**Instructions to follow**
Copy every line of the records below where the word "mdvd" occurs.

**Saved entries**
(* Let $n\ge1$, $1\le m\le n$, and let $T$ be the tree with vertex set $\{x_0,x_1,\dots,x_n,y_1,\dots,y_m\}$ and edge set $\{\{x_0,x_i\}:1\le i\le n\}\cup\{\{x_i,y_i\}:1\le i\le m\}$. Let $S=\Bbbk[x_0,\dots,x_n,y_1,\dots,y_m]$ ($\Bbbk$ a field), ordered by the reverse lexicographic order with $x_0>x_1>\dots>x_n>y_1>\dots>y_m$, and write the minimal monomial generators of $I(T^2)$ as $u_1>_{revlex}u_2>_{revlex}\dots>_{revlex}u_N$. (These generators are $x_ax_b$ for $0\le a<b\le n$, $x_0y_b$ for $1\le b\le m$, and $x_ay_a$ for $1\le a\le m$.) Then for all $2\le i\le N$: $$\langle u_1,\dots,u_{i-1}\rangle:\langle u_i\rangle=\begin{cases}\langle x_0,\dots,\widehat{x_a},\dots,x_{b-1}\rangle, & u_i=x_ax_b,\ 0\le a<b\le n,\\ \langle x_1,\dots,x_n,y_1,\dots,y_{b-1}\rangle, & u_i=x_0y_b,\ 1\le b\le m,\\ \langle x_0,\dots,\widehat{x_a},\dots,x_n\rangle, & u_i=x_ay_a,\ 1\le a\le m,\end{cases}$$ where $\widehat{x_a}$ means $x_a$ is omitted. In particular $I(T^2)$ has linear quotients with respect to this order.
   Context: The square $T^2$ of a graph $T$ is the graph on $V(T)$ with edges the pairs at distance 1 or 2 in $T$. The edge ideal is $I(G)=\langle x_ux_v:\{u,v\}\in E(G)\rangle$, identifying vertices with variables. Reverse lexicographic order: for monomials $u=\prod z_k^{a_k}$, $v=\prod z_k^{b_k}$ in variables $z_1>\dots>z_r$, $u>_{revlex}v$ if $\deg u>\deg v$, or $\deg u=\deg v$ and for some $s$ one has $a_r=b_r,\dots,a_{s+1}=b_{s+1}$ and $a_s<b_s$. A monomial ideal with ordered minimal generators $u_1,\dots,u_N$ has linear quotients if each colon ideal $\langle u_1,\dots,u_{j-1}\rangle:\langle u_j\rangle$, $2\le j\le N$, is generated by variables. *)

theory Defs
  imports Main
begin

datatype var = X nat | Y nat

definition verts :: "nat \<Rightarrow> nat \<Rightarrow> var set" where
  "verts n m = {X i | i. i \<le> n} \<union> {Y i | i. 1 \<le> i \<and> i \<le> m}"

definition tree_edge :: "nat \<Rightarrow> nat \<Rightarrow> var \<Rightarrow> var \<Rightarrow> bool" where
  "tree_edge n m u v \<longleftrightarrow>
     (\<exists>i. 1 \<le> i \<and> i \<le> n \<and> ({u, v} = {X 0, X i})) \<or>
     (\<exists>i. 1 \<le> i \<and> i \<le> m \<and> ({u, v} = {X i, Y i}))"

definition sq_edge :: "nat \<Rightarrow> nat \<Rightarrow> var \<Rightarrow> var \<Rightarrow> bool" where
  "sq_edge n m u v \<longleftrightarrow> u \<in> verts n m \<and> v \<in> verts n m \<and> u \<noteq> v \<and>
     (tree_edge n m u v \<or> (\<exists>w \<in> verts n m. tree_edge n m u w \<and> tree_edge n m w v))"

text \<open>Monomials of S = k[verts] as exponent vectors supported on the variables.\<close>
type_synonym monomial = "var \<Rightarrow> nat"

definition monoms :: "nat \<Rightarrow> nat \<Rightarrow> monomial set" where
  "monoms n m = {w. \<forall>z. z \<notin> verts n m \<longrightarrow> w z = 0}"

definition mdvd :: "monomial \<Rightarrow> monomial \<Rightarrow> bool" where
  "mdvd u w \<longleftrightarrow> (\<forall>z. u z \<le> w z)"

---

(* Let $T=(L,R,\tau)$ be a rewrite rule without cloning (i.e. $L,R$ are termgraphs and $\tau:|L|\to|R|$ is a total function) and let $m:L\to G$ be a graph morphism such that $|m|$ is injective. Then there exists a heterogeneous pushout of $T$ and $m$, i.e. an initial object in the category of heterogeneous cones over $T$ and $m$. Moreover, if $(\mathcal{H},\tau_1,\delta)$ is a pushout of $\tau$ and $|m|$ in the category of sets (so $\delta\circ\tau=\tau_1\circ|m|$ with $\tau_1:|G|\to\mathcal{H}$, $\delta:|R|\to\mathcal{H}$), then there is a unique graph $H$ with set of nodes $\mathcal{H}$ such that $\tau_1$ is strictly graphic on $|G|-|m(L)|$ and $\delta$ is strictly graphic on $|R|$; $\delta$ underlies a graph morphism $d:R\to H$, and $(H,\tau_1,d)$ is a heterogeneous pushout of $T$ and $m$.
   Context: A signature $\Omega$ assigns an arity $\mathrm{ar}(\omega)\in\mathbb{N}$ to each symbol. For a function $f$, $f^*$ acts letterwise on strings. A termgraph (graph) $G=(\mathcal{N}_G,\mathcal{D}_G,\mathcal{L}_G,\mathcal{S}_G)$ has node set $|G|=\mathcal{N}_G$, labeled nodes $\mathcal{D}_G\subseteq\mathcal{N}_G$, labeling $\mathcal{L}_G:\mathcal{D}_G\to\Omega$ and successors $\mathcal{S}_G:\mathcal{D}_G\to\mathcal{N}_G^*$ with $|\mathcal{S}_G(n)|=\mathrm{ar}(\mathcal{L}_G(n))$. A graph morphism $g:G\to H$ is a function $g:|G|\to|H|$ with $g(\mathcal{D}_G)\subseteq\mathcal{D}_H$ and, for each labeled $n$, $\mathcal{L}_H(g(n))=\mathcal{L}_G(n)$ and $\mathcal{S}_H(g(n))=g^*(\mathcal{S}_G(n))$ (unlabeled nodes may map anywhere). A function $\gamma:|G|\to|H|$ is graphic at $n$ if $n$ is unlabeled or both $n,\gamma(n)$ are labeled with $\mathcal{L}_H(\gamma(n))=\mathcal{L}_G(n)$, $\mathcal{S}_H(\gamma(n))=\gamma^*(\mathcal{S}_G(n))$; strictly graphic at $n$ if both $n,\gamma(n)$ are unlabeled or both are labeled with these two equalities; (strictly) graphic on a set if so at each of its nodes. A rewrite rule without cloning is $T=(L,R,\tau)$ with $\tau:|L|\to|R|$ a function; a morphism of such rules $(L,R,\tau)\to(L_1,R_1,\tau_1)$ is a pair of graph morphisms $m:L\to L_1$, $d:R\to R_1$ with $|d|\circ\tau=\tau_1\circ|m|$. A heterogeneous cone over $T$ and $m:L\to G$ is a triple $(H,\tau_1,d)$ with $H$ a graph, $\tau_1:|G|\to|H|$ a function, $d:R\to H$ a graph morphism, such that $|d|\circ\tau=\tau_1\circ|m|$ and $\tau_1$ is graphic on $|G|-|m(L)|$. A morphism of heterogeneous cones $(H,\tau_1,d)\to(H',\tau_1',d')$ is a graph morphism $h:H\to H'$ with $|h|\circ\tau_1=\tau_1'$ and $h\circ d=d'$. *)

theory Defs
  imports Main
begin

**Your solution**
definition mdvd :: "monomial \<Rightarrow> monomial \<Rightarrow> bool" where
  "mdvd u w \<longleftrightarrow> (\<forall>z. u z \<le> w z)"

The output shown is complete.